● **Problem to solve**
In the listing below, find each line that holds the string "proper" and copy it.

● **Data for processing**
(* Let $X$ be a finite-dimensional Euclidean space and $C\subset X$ a cone. Then $C$ is smooth if and only if both $C$ and its polar cone $C^\circ$ are strictly convex.
   Context: A cone $C$ is regular if it is pointed, closed, convex, with nonempty interior. $C^\circ=\{y:\langle x,y\rangle\le0\ \forall x\in C\}$. A convex subset $\mathcal F\subset C$ is a face if whenever $x,y\in C$ and $\lambda x+(1-\lambda)y\in\mathcal F$ for some $0<\lambda<1$, then $x,y\in\mathcal F$. A ray is $\{\lambda x:\lambda\ge0\}$, $x\neq0$; an extreme ray is a ray in $C$ that is a face. A regular cone is strictly convex if every face other than the cone itself and $\{0\}$ has dimension one. A regular cone $C$ is smooth if every boundary point of $C$ lies on an extreme ray of $C$ and, for every non-zero point $x$ of any extreme ray, the normal cone $N_C(x)$ has dimension one. *)

theory Defs
  imports "HOL-Analysis.Analysis"
begin

definition pointed_cone :: "'a::euclidean_space set \<Rightarrow> bool" where
  "pointed_cone C \<longleftrightarrow> C \<inter> uminus ` C \<subseteq> {0}"

definition regular_cone :: "'a::euclidean_space set \<Rightarrow> bool" where
  "regular_cone C \<longleftrightarrow> cone C \<and> pointed_cone C \<and> closed C \<and> convex C \<and> interior C \<noteq> {}"

definition polar_cone :: "'a::euclidean_space set \<Rightarrow> 'a set" where
  "polar_cone C = {y. \<forall>x\<in>C. inner x y \<le> 0}"

definition ray :: "'a::euclidean_space \<Rightarrow> 'a set" where
  "ray x = {c *\<^sub>R x | c. c \<ge> 0}"

definition extreme_ray :: "'a::euclidean_space set \<Rightarrow> 'a set \<Rightarrow> bool" where
  "extreme_ray C R \<longleftrightarrow> (\<exists>x. x \<noteq> 0 \<and> R = ray x \<and> R face_of C)"

definition normal_cone :: "'a::euclidean_space set \<Rightarrow> 'a \<Rightarrow> 'a set" where
  "normal_cone C x = {y. \<forall>z\<in>C. inner (z - x) y \<le> 0}"

text \<open>Faces are taken nonempty (every nonempty face of a cone contains 0);
  dimension of a face = dimension of its linear span.\<close>
definition strictly_convex_cone :: "'a::euclidean_space set \<Rightarrow> bool" where
  "strictly_convex_cone C \<longleftrightarrow> regular_cone C \<and>
     (\<forall>F. F face_of C \<and> F \<noteq> {} \<and> F \<noteq> C \<and> F \<noteq> {0} \<longrightarrow> dim F = 1)"

definition smooth_cone :: "'a::euclidean_space set \<Rightarrow> bool" where
  "smooth_cone C \<longleftrightarrow> regular_cone C \<and>
     (\<forall>x\<in>frontier C. \<exists>R. extreme_ray C R \<and> x \<in> R) \<and>
     (\<forall>R x. extreme_ray C R \<and> x \<in> R \<and> x \<noteq> 0 \<longrightarrow> dim (normal_cone C x) = 1)"

end

theory Submission
  imports Defs
begin

text \<open>A closed convex cone C is supported at each boundary point x by a nonzero y of the polar
  cone with x \<bullet> y = 0; these supporting vectors are the nonzero elements of the normal cone
  at x, which is a face of the polar cone, and by the bipolar theorem boundary points of the polar
  cone are supported in the same way by boundary points of C. If C is smooth, a proper face of C
  lies in the extreme ray through one of its relative interior points, and a proper face of the
  polar cone lies in the one-dimensional normal cone at a boundary point of C supporting it.
  Conversely, if C is strictly convex, the face cut out by a supporting hyperplane at a nonzero
  boundary point x is a pointed one-dimensional cone, hence the ray through x; if the polar cone
  is strictly convex, the normal cone at x, a proper face of it other than {0}, is
  one-dimensional. The origin lies on the ray through a nonzero boundary point, which exists
  because the unit sphere is connected in dimension at least 2.\<close>

lemma orthogonal_to_set_with_interior_eq_0:
  fixes a :: "'a::euclidean_space"
  assumes "interior S \<noteq> {}" "S \<subseteq> {x. a \<bullet> x = 0}"
  shows "a = 0"
proof (rule ccontr)
  assume "a \<noteq> 0"
  then have "dim S < DIM('a)"
    using dim_subset[OF assms(2)] dim_hyperplane[of a] DIM_positive[where 'a='a] by linarith
  then show False
    using empty_interior_lowdim assms(1) by blast
qed

lemma dim_ray_le_1: "dim (ray x) \<le> 1"
proof -
  have "ray x \<subseteq> span {x}"
    unfolding ray_def by (auto intro: span_scale span_base)
  then have "dim (ray x) \<le> dim {x}"
    using dim_subset dim_span by metis
  also have "\<dots> \<le> 1"
    by simp
  finally show ?thesis .
qed

lemma in_ray_self: "x \<in> ray x"
  unfolding ray_def by (rule CollectI, rule exI[of _ 1]) simp

lemma zero_in_ray: "0 \<in> ray x"
  unfolding ray_def by (rule CollectI, rule exI[of _ 0]) simp

lemma dim_eq_1_if_subset_dim_le_1:
  fixes G :: "'a::euclidean_space set"
  assumes "G \<subseteq> N" "dim N \<le> 1" "\<not> G \<subseteq> {0}"
  shows "dim G = 1"
proof -
  have "dim G \<noteq> 0"
    using assms(3) by (simp del: not_gr_zero)
  then show ?thesis
    using dim_subset[OF assms(1)] assms(2) by linarith
qed

lemma pointed_coneD:
  assumes "pointed_cone C" "x \<in> C" "- x \<in> C"
  shows "x = 0"
proof -
  have "x \<in> C \<inter> uminus ` C"
    using assms(2,3) by (metis IntI image_eqI minus_minus)
  then show ?thesis
    using assms(1) unfolding pointed_cone_def by blast
qed

lemma cone_eq_ray_if_dim_1:
  fixes E :: "'a::euclidean_space set"
  assumes "cone E" "pointed_cone E" "dim E = 1" "x \<in> E" "x \<noteq> 0"
  shows "E = ray x"
proof
  show "ray x \<subseteq> E"
    using assms(1,4) unfolding ray_def cone_def by blast
  show "E \<subseteq> ray x"
  proof
    fix z assume zE: "z \<in> E"
    have "span {x} = span E"
      by (rule dim_eq_span) (use assms(3,4,5) in simp_all)
    then have "z \<in> span {x}"
      using zE span_base by metis
    then obtain k where k: "z = k *\<^sub>R x"
      by (auto simp: span_singleton)
    have "k \<ge> 0"
    proof (rule ccontr)
      assume "\<not> k \<ge> 0"
      then have "- x = (- 1 / k) *\<^sub>R z" "- 1 / k \<ge> 0"
        using k by simp_all
      then have "- x \<in> E"
        using assms(1) zE unfolding cone_def by metis
      then show False
        using pointed_coneD[OF assms(2,4)] assms(5) by blast
    qed
    then show "z \<in> ray x"
      using k unfolding ray_def by blast
  qed
qed

lemma face_of_subset_frontier:
  fixes F :: "'a::real_normed_vector set"
  assumes "F face_of S" "F \<noteq> S" "closed S"
  shows "F \<subseteq> frontier S"
  using face_of_disjoint_interior[OF assms(1,2)] face_of_imp_subset[OF assms(1)] assms(3)
  by (auto simp: frontier_def)

lemma rel_interior_nonzero:
  fixes G :: "'a::euclidean_space set"
  assumes "convex G" "\<not> G \<subseteq> {0}"
  obtains y where "y \<in> rel_interior G" "y \<noteq> 0"
proof -
  have "\<not> rel_interior G \<subseteq> {0}"
  proof
    assume "rel_interior G \<subseteq> {0}"
    then have "closure (rel_interior G) \<subseteq> {0}"
      by (rule closure_minimal[OF _ closed_singleton])
    then show False
      using convex_closure_rel_interior[OF assms(1)] closure_subset assms(2) by auto
  qed
  then show ?thesis
    using that by blast
qed

lemma regular_coneD:
  assumes "regular_cone C"
  shows "cone C" "closed C" "convex C" "interior C \<noteq> {}" "0 \<in> C" "pointed_cone C"
  using assms interior_subset cone_contains_0 unfolding regular_cone_def by blast+

lemma polar_cone_eq_Inter: "polar_cone C = (\<Inter>x\<in>C. {y. x \<bullet> y \<le> 0})"
  unfolding polar_cone_def by auto

lemma cone_polar_cone: "cone (polar_cone C)"
  unfolding cone_def polar_cone_def by (auto simp: mult_nonneg_nonpos)

lemma closed_polar_cone: "closed (polar_cone C)"
  unfolding polar_cone_eq_Inter by (intro closed_INT ballI closed_halfspace_le)

lemma convex_polar_cone: "convex (polar_cone C)"
  unfolding polar_cone_eq_Inter by (intro convex_INT ballI convex_halfspace_le)

lemma zero_in_polar_cone: "0 \<in> polar_cone C"
  unfolding polar_cone_def by simp

lemma polar_cone_polar_cone:
  fixes C :: "'a::euclidean_space set"
  assumes "cone C" "closed C" "convex C" "C \<noteq> {}"
  shows "polar_cone (polar_cone C) = C"
proof
  show "C \<subseteq> polar_cone (polar_cone C)"
    unfolding polar_cone_def by (auto simp: inner_commute)
  show "polar_cone (polar_cone C) \<subseteq> C"
  proof
    fix z assume z: "z \<in> polar_cone (polar_cone C)"
    show "z \<in> C"
    proof (rule ccontr)
      assume "z \<notin> C"
      then obtain a b where ab: "a \<bullet> z < b" "\<forall>x\<in>C. a \<bullet> x > b"
        using separating_hyperplane_closed_point[OF assms(3,2)] by blast
      have b: "b < 0"
        using ab(2) assms(1,4) cone_contains_0 by fastforce
      have "a \<bullet> x \<ge> 0" if "x \<in> C" for x
      proof (rule ccontr)
        assume "\<not> a \<bullet> x \<ge> 0"
        \<comment> \<open>rescaling x onto the hyperplane a \<bullet> x = b contradicts the separation\<close>
        then have "(b / (a \<bullet> x)) *\<^sub>R x \<in> C" "a \<bullet> ((b / (a \<bullet> x)) *\<^sub>R x) = b"
          using assms(1) that b unfolding cone_def by (auto simp: zero_le_divide_iff)
        then show False
          using ab(2) by fastforce
      qed
      then have "- a \<in> polar_cone C"
        by (simp add: polar_cone_def inner_commute)
      then have "- a \<bullet> z \<le> 0"
        using z unfolding polar_cone_def by blast
      then show False
        using ab(1) b by simp
    qed
  qed
qed

lemma regular_cone_polar_cone:
  fixes C :: "'a::euclidean_space set"
  assumes "regular_cone C"
  shows "regular_cone (polar_cone C)"
proof -
  note C = regular_coneD[OF assms]
  have "pointed_cone (polar_cone C)"
    unfolding pointed_cone_def
  proof
    fix y assume "y \<in> polar_cone C \<inter> uminus ` polar_cone C"
    then have "C \<subseteq> {x. y \<bullet> x = 0}"
      unfolding polar_cone_def by (force simp: inner_commute)
    then show "y \<in> {0}"
      using orthogonal_to_set_with_interior_eq_0 C(4) by blast
  qed
  moreover have "interior (polar_cone C) \<noteq> {}"
  proof
    assume "interior (polar_cone C) = {}"
    then obtain a b where a: "a \<noteq> 0" "polar_cone C \<subseteq> {x. a \<bullet> x = b}"
      using empty_interior_subset_hyperplane[OF convex_polar_cone] by blast
    then have "b = 0"
      using zero_in_polar_cone by fastforce
    then have "a \<in> polar_cone (polar_cone C)" "- a \<in> polar_cone (polar_cone C)"
      using a(2) unfolding polar_cone_def[of "polar_cone C"] by (auto simp: inner_commute)
    then show False
      using polar_cone_polar_cone[OF C(1-3)] C(5) pointed_coneD[OF C(6)] a(1) by auto
  qed
  ultimately show ?thesis
    unfolding regular_cone_def using cone_polar_cone closed_polar_cone convex_polar_cone by blast
qed

lemma frontier_cone_supporting_polar:
  fixes C :: "'a::euclidean_space set"
  assumes "cone C" "closed C" "convex C" "interior C \<noteq> {}" "x \<in> frontier C"
  obtains y where "y \<noteq> 0" "y \<in> polar_cone C" "x \<bullet> y = 0"
proof -
  have xC: "x \<in> C"
    using assms(2,5) frontier_subset_closed by blast
  have "x \<notin> interior C"
    using assms(5) by (simp add: frontier_def)
  then have "x \<notin> rel_interior C"
    using assms(4) rel_interior_nonempty_interior by metis
  then obtain a where a: "a \<noteq> 0" "\<And>z. z \<in> C \<Longrightarrow> a \<bullet> x \<le> a \<bullet> z"
    using supporting_hyperplane_relative_frontier[OF assms(3)] xC closure_subset
    by (metis subsetD)
  have "0 \<in> C" "2 *\<^sub>R x \<in> C"
    using assms(1) xC cone_contains_0 unfolding cone_def by auto
  \<comment> \<open>a \<bullet> x is minimal on C, and C contains 0 and 2x\<close>
  then have ax: "a \<bullet> x = 0"
    using a(2)[of 0] a(2)[of "2 *\<^sub>R x"] by simp
  show ?thesis
  proof (rule that)
    show "- a \<noteq> 0" "x \<bullet> - a = 0"
      using a(1) ax by (simp_all add: inner_commute)
    show "- a \<in> polar_cone C"
      using a(2) ax by (simp add: polar_cone_def inner_commute)
  qed
qed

● **Solution for this exercise**
  cone are supported in the same way by boundary points of C. If C is smooth, a proper face of C
  lies in the extreme ray through one of its relative interior points, and a proper face of the
  is strictly convex, the normal cone at x, a proper face of it other than {0}, is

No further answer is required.